If we are using -no_replace_malloc
, the memory mapped from __libc_memalign
is considered as heap region because __libc_memalign
is first called from malloc. But the later the direct to __libc_memalign
is ignored, so we think part of the memory is not allocated.
Error #1: UNADDRESSABLE ACCESS beyond heap bounds: writing 0xf74f08fc-0xf74f0900 4 byte(s)
# 0 replace_memset
# 1 ld-linux.so.2!__GI__dl_allocate_tls_init
# 2 ld-linux.so.2!dl_main
# 3 ld-linux.so.2!_dl_start
# 4 ld-linux.so.2!_start
So the correct solution is to intercept __libc_memalign
, xref issue #94.
Since the problem is limited to TLS initialization in ld-linux, we could just suppress it first for now.

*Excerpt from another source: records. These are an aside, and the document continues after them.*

(* Consider the asynchronous $(n,k)$ game on the complete graph with agent set $[n]$ ($n\ge2$) consisting of $n_r$ rejectors and $n-n_r$ random followers, and let $Z_t=\sum_{i\in[n]}x_i(t)$. Then $$\mathbb{E}[Z_{t+1}-Z_t]=-\frac{n_r\,\mathbb{E}[Z_t]}{n(n-1)},$$ and $(Z_t)_{t\ge0}$ is a supermartingale.
   Context: Each agent $i\in[n]$ holds an opinion $x_i(t)\in\{0,1\}$ at time $t=0,1,2,\dots$. The social graph is complete: every agent's social neighbors are all the other $n-1$ agents. The game is asynchronous: at each time step a single agent, chosen uniformly at random from $[n]$ (independently of the past), updates its opinion, and all other opinions stay the same. A rejector holds opinion $0$ at all times. A random follower has initial opinion distributed as Bernoulli$(1/2)$ (independently across agents), and when it updates it adopts the current opinion of one of its social neighbors chosen uniformly at random. *)

theory Defs
  imports "HOL-Probability.Probability"
begin

text \<open>Agents are 0,...,n-1. A state is an opinion profile x :: nat => bool
  (True = opinion 1); only the values at agents below n matter.
  R is the set of rejectors; all other agents are random followers.\<close>

type_synonym state = "nat \<Rightarrow> bool"

definition Zsum :: "nat \<Rightarrow> state \<Rightarrow> real" where
  "Zsum n x = (\<Sum>i<n. of_bool (x i))"

definition init_dist :: "nat \<Rightarrow> nat set \<Rightarrow> state pmf" where
  "init_dist n R = Pi_pmf {..<n} False
     (\<lambda>i. if i \<in> R then return_pmf False else bernoulli_pmf (1/2))"

definition step :: "nat \<Rightarrow> nat set \<Rightarrow> state \<Rightarrow> state pmf" where
  "step n R x = pmf_of_set {..<n} \<bind> (\<lambda>i.
     if i \<in> R then return_pmf (x(i := False))
     else map_pmf (\<lambda>j. x(i := x j)) (pmf_of_set ({..<n} - {i})))"

text \<open>Distribution of the trajectory [x(0), ..., x(t)] (a list of length t+1).\<close>
primrec paths :: "nat \<Rightarrow> nat set \<Rightarrow> nat \<Rightarrow> state list pmf" where
  "paths n R 0 = map_pmf (\<lambda>x. [x]) (init_dist n R)"
| "paths n R (Suc t) = paths n R t \<bind> (\<lambda>p. map_pmf (\<lambda>y. p @ [y]) (step n R (last p)))"

text \<open>Supermartingale property of Y(x(t)) with respect to the natural filtration
  F_t = sigma(x(0),...,x(t)): integrability and, for every F_t-event
  (i.e. every set A of trajectory prefixes of length t+1),
  E[(Y_(t+1) - Y_t) 1_A] \<le> 0, i.e. E[Y_(t+1) | F_t] \<le> Y_t a.s.\<close>
definition supermartingale_along :: "(nat \<Rightarrow> state list pmf) \<Rightarrow> (state \<Rightarrow> real) \<Rightarrow> bool" where
  "supermartingale_along P Y \<longleftrightarrow>
     (\<forall>t. integrable (measure_pmf (P t)) (\<lambda>p. Y (p ! t))) \<and>
     (\<forall>t A. measure_pmf.expectation (P (Suc t))
              (\<lambda>p. indicator A (take (Suc t) p) * (Y (p ! Suc t) - Y (p ! t))) \<le> 0)"

end

theory Submission
  imports Defs
begin

text \<open>When agent \<open>a\<close> updates as a follower, \<open>Z\<close> changes in expectation by
  \<open>(Z - x\<^sub>a)/(n - 1) - x\<^sub>a\<close>. Summed over all agents these drifts cancel (the voter
  model conserves the expected number of ones), so the drift of a uniformly chosen update is
  minus the average of the rejectors' follower drifts, each of which is \<open>Z/(n - 1)\<close> because
  rejectors hold 0. The resulting drift \<open>-n\<^sub>r Z/(n(n - 1)) \<le> 0\<close> holds conditionally on
  every trajectory prefix, which gives the identity as well as the supermartingale property.\<close>

lemma integral_bind_pmf_bounded:
  fixes f :: "'b \<Rightarrow> real"
  assumes "\<And>y. \<bar>f y\<bar> \<le> B"
  shows "measure_pmf.expectation (M \<bind> N) f
       = measure_pmf.expectation M (\<lambda>x. measure_pmf.expectation (N x) f)"
  unfolding measure_pmf_bind
  by (rule integral_bind[where K = "count_space UNIV" and B = B and B' = 1])
     (use assms in \<open>auto simp: measure_pmf.emeasure_space_1 space_subprob_algebra
        measure_pmf.subprob_space_axioms\<close>)

lemma Zsum_remove:
  assumes "a < n"
  shows "Zsum n x = of_bool (x a) + (\<Sum>j\<in>{..<n} - {a}. of_bool (x j))"
  unfolding Zsum_def using assms by (subst sum.remove[of _ a]) auto

lemma Zsum_fun_upd:
  assumes "a < n"
  shows "Zsum n (x(a := b)) = Zsum n x - of_bool (x a) + of_bool b"
  using Zsum_remove[OF assms, of "x(a := b)"] Zsum_remove[OF assms, of x] by simp

lemma Zsum_nonneg: "0 \<le> Zsum n x"
  unfolding Zsum_def by (simp add: sum_nonneg)

lemma Zsum_le: "Zsum n x \<le> real n"
  unfolding Zsum_def using sum_mono[of "{..<n}" "\<lambda>i. of_bool (x i)" "\<lambda>_. 1 :: real"] by simp

lemma lessThan_minus_singleton_nonempty:
  fixes n a :: nat
  assumes "2 \<le> n"
  shows "{..<n} - {a} \<noteq> {}"
proof -
  have "0 \<in> {..<n}" "1 \<in> {..<n}"
    using assms by auto
  then show ?thesis
    by (metis Diff_iff empty_iff singletonD zero_neq_one)
qed

lemma abs_Zsum_diff_le: "\<bar>Zsum n x - Zsum n y\<bar> \<le> real n"
  using Zsum_nonneg[of n x] Zsum_nonneg[of n y] Zsum_le[of n x] Zsum_le[of n y] by linarith

definition follower_drift :: "nat \<Rightarrow> state \<Rightarrow> nat \<Rightarrow> real" where
  "follower_drift n x a = (Zsum n x - of_bool (x a)) / (real n - 1) - of_bool (x a)"

lemma expectation_Zsum_copy_other:
  assumes "2 \<le> n" "a < n"
  shows "measure_pmf.expectation (map_pmf (\<lambda>j. x(a := x j)) (pmf_of_set ({..<n} - {a})))
           (\<lambda>y. Zsum n y - Zsum n x) = follower_drift n x a"
proof -
  have card: "card ({..<n} - {a}) = n - 1"
    using assms by simp
  have "measure_pmf.expectation (map_pmf (\<lambda>j. x(a := x j)) (pmf_of_set ({..<n} - {a})))
          (\<lambda>y. Zsum n y - Zsum n x)
      = (\<Sum>j\<in>{..<n} - {a}. of_bool (x j) - of_bool (x a)) / real (n - 1)"
    using lessThan_minus_singleton_nonempty[OF assms(1)] card assms
    by (simp add: integral_pmf_of_set Zsum_fun_upd)
  also have "\<dots> = (Zsum n x - of_bool (x a) - real (n - 1) * of_bool (x a)) / real (n - 1)"
    using Zsum_remove[OF assms(2), of x] card by (simp add: sum_subtractf)
  also have "\<dots> = follower_drift n x a"
    using assms unfolding follower_drift_def by (simp add: field_simps of_nat_diff)
  finally show ?thesis .
qed

lemma sum_follower_drift:
  assumes "2 \<le> n"
  shows "(\<Sum>a<n. follower_drift n x a) = 0"
proof -
  have "(\<Sum>a<n. follower_drift n x a) = (real n * Zsum n x - Zsum n x) / (real n - 1) - Zsum n x"
    unfolding follower_drift_def Zsum_def by (simp add: sum_subtractf sum_divide_distrib[symmetric])
  also have "\<dots> = 0"
    using assms by (simp add: field_simps)
  finally show ?thesis .
qed

lemma expectation_step_Zsum:
  assumes n: "2 \<le> n" and R: "R \<subseteq> {..<n}" and rejectors: "\<forall>i\<in>R. \<not> x i"
  shows "measure_pmf.expectation (step n R x) (\<lambda>y. Zsum n y - Zsum n x)
       = - (real (card R) * Zsum n x) / (real n * (real n - 1))"
proof -
  let ?d = "follower_drift n x"
  have update: "measure_pmf.expectation (if a \<in> R then return_pmf (x(a := False))
       else map_pmf (\<lambda>j. x(a := x j)) (pmf_of_set ({..<n} - {a}))) (\<lambda>y. Zsum n y - Zsum n x)
     = (if a \<in> R then 0 else ?d a)" if "a < n" for a
    using that rejectors expectation_Zsum_copy_other[OF n that] by (simp add: Zsum_fun_upd)
  have "measure_pmf.expectation (step n R x) (\<lambda>y. Zsum n y - Zsum n x)
      = (\<Sum>a<n. (if a \<in> R then 0 else ?d a) / real n)"
    unfolding step_def using n lessThan_minus_singleton_nonempty[OF n]
    by (subst pmf_expectation_bind_pmf_of_set) (auto simp: update divide_inverse_commute)
  also have "\<dots> = ((\<Sum>a<n. ?d a) - (\<Sum>a\<in>R. ?d a)) / real n"
    using R by (simp add: sum_divide_distrib[symmetric] sum.If_cases Diff_eq[symmetric]
        sum_diff inf.absorb2)
  also have "(\<Sum>a\<in>R. ?d a) = real (card R) * Zsum n x / (real n - 1)"
    using rejectors unfolding follower_drift_def by simp
  finally show ?thesis
    using sum_follower_drift[OF n] by simp
qed

lemma set_pmf_init_dist_rejectors:
  assumes "x \<in> set_pmf (init_dist n R)" "i \<in> R"
  shows "\<not> x i"
  using assms unfolding init_dist_def by (cases "i < n") (auto simp: set_Pi_pmf PiE_dflt_def)

lemma set_pmf_step_rejectors:
  assumes "y \<in> set_pmf (step n R x)" "\<forall>i\<in>R. \<not> x i" "i \<in> R"
  shows "\<not> y i"
  using assms unfolding step_def by (auto split: if_splits)

lemma set_pmf_paths:
  assumes "p \<in> set_pmf (paths n R t)"
  shows "length p = Suc t \<and> (\<forall>i\<in>R. \<not> last p i)"
  using assms
proof (induction t arbitrary: p)
  case 0
  then show ?case
    by (auto dest: set_pmf_init_dist_rejectors)
next
  case (Suc t)
  then obtain q y where "q \<in> set_pmf (paths n R t)" "y \<in> set_pmf (step n R (last q))"
    and "p = q @ [y]"
    by auto
  with Suc.IH show ?case
    by (auto dest: set_pmf_step_rejectors)
qed

lemma expectation_paths_weighted_increment:
  assumes n: "2 \<le> n" and R: "R \<subseteq> {..<n}" and G: "\<And>q. \<bar>G q\<bar> \<le> B"
  shows "measure_pmf.expectation (paths n R (Suc t))
           (\<lambda>p. G (take (Suc t) p) * (Zsum n (p ! Suc t) - Zsum n (p ! t)))
       = - real (card R) / (real n * (real n - 1))
           * measure_pmf.expectation (paths n R t) (\<lambda>p. G p * Zsum n (p ! t))"
    (is "?lhs = ?c * _")
proof -
  have bounded: "\<bar>G (take (Suc t) p) * (Zsum n (p ! Suc t) - Zsum n (p ! t))\<bar> \<le> B * real n" for p
    unfolding abs_mult using G abs_Zsum_diff_le
    by (intro mult_mono) (auto intro: order_trans[OF abs_ge_zero])
  have conditional: "measure_pmf.expectation (step n R (last q))
      (\<lambda>y. G (take (Suc t) (q @ [y])) * (Zsum n ((q @ [y]) ! Suc t) - Zsum n ((q @ [y]) ! t)))
    = ?c * (G q * Zsum n (q ! t))" if "q \<in> set_pmf (paths n R t)" for q
  proof -
    from set_pmf_paths[OF that] have length: "length q = Suc t"
      and rejectors: "\<forall>i\<in>R. \<not> last q i" by auto
    then have "q ! t = last q"
      by (cases q rule: rev_cases) (auto simp: nth_append)
    then show ?thesis
      using length expectation_step_Zsum[OF n R rejectors] by (simp add: nth_append)
  qed
  have "?lhs = measure_pmf.expectation (paths n R t) (\<lambda>q. measure_pmf.expectation (step n R (last q))
      (\<lambda>y. G (take (Suc t) (q @ [y])) * (Zsum n ((q @ [y]) ! Suc t) - Zsum n ((q @ [y]) ! t))))"
    by (simp only: paths.simps integral_bind_pmf_bounded[OF bounded] integral_map_pmf)
  also have "\<dots> = measure_pmf.expectation (paths n R t) (\<lambda>q. ?c * (G q * Zsum n (q ! t)))"
    using conditional by (intro integral_cong_AE) (auto intro: AE_pmfI)
  finally show ?thesis
    by simp
qed

theorem lemma4:
  fixes n n_r :: nat and R :: "nat set"
  assumes "n \<ge> 2" and "R \<subseteq> {..<n}" and "card R = n_r"
  shows "\<forall>t. measure_pmf.expectation (paths n R (Suc t))
               (\<lambda>p. Zsum n (p ! Suc t) - Zsum n (p ! t))
             = - (real n_r * measure_pmf.expectation (paths n R t) (\<lambda>p. Zsum n (p ! t)))
                 / (real n * (real n - 1))
         \<and> supermartingale_along (paths n R) (Zsum n)"
proof -
  have drift: "measure_pmf.expectation (paths n R (Suc t)) (\<lambda>p. Zsum n (p ! Suc t) - Zsum n (p ! t))
      = - (real n_r * measure_pmf.expectation (paths n R t) (\<lambda>p. Zsum n (p ! t)))
          / (real n * (real n - 1))" for t
    using expectation_paths_weighted_increment[OF assms(1,2), of "\<lambda>_. 1" 1] assms(3) by simp
  have integrable: "integrable (measure_pmf (paths n R t)) (\<lambda>p. Zsum n (p ! t))" for t
    by (rule measure_pmf.integrable_const_bound[where B = "real n"]) (auto simp: Zsum_nonneg Zsum_le)
  have nonincreasing: "measure_pmf.expectation (paths n R (Suc t))
      (\<lambda>p. indicator A (take (Suc t) p) * (Zsum n (p ! Suc t) - Zsum n (p ! t))) \<le> 0" for t A
  proof -
    have "measure_pmf.expectation (paths n R (Suc t))
        (\<lambda>p. indicator A (take (Suc t) p) * (Zsum n (p ! Suc t) - Zsum n (p ! t)))
      = - real (card R) / (real n * (real n - 1))
          * measure_pmf.expectation (paths n R t) (\<lambda>p. indicator A p * Zsum n (p ! t))"
      by (rule expectation_paths_weighted_increment[OF assms(1,2), where B = 1]) simp
    also have "\<dots> \<le> 0"
      using assms(1) by (intro mult_nonpos_nonneg integral_nonneg_AE) (auto simp: Zsum_nonneg)
    finally show ?thesis .
  qed
  show ?thesis
    unfolding supermartingale_along_def using drift integrable nonincreasing by blast
qed

end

With aligned malloc support from #94, I put in replacement of __libc_memalign. I can't repro the extra unaddrs, but I can confirm that we now intercept this in ld.so:
intercepting __libc_memalign @0x49308060 type 7 in module ld-linux.so.2
new basic block @0x49308060 == ld-linux.so.2!__libc_memalign+0x0
whole-bb scratch: r1=%ecxspill#0 x0, r2=%eaxspill#1 x0
whole-bb scratch: r1=unused, r2=unused, efl=unused
set range 0xff82dd78-0xff82dd7c => 0x0
replace_memalign align=64 size=3008
increased brk from 0x0804e000 to 0x0804f000
adjusting heap region from 0x0804c000-0x0804e000 to 0x0804c000-0x0804f000
adding heap region 0x0804c000-0x0804f000
carving out new chunk @0x0804d4f8 => head=0x0804d500, res=0x0804d518
splitting off 0x0804d500-0x0804d5a0 from 0x0804d528
add_to_free_list: arena 0x0804c000 bucket 0 free front=0x0804d500 last=0x0804d500
set prev_size_shr of 0x0804d528 to 0x1
replace_alloc_common arena=0x0804c000 flags=0x204 request=3008, align=64 alloc=3056 => 0x0804d540
@@@ unique callstack #15
# 0 replace_memalign [/work/drmemory/git/src/common/alloc_replace.c:2755]
# 1 ld-linux.so.2!_dl_allocate_tls_storage
# 2 ld-linux.so.2!_dl_sysdep_start
set range 0x0804d540-0x0804e100 => 0x3
malloc 0x0804d540-0x0804e100
This still fails on my machine. Running with -verbose 2
shows that __libc_memalign is intercepted, but the extraneous errors are still reported:
sym lookup of ld-2.19!__libc_memalign in /lib/i386-linux-gnu/ld-2.19.so => 0 0x000155a0
symcache_symbol_add: ld-linux.so.2 "__libc_memalign" @ 0x155a0
symcache_symbol_add: ignoring dup entry __libc_memalign
intercepting __libc_memalign @0xf77345a0 type 7 in module ld-linux.so.2
Test error summary:
~~Dr.M~~ ERRORS FOUND:
~~Dr.M~~ 56 unique, 93 total unaddressable access(es)
~~Dr.M~~ 2 unique, 2 total uninitialized access(es)
~~Dr.M~~ 1 unique, 1 total invalid heap argument(s)
~~Dr.M~~ 0 unique, 0 total warning(s)
~~Dr.M~~ 3 unique, 3 total, 155 byte(s) of leak(s)
~~Dr.M~~ 1 unique, 1 total, 16 byte(s) of possible leak(s)
~~Dr.M~~ ERRORS IGNORED:
~~Dr.M~~ 3 unique, 3 total, 51 byte(s) of still-reachable allocation(s)
This was erroneously closed: memalign was fully implemented only for -replace_malloc. Wrapping did not "just work" and so was disabled for memalign.
Un-assigning as I can't reproduce this. Having wrap intercept memalign & co. leads to a ton of false positives on my machine: it will take effort to figure out what's going on there.
The
wrap_malloc
test expects 1 unique unaddressable access with 20 instances, but on my goobuntu with glibc 2.19 it finds 51 additional unique unaddressable accesses with 1 instance each. All of the additional accesses are over-reads by 4 bytes in a region that does not appear to have any redzone (if it had been over-written, wouldn't there be a corresponding error reported?)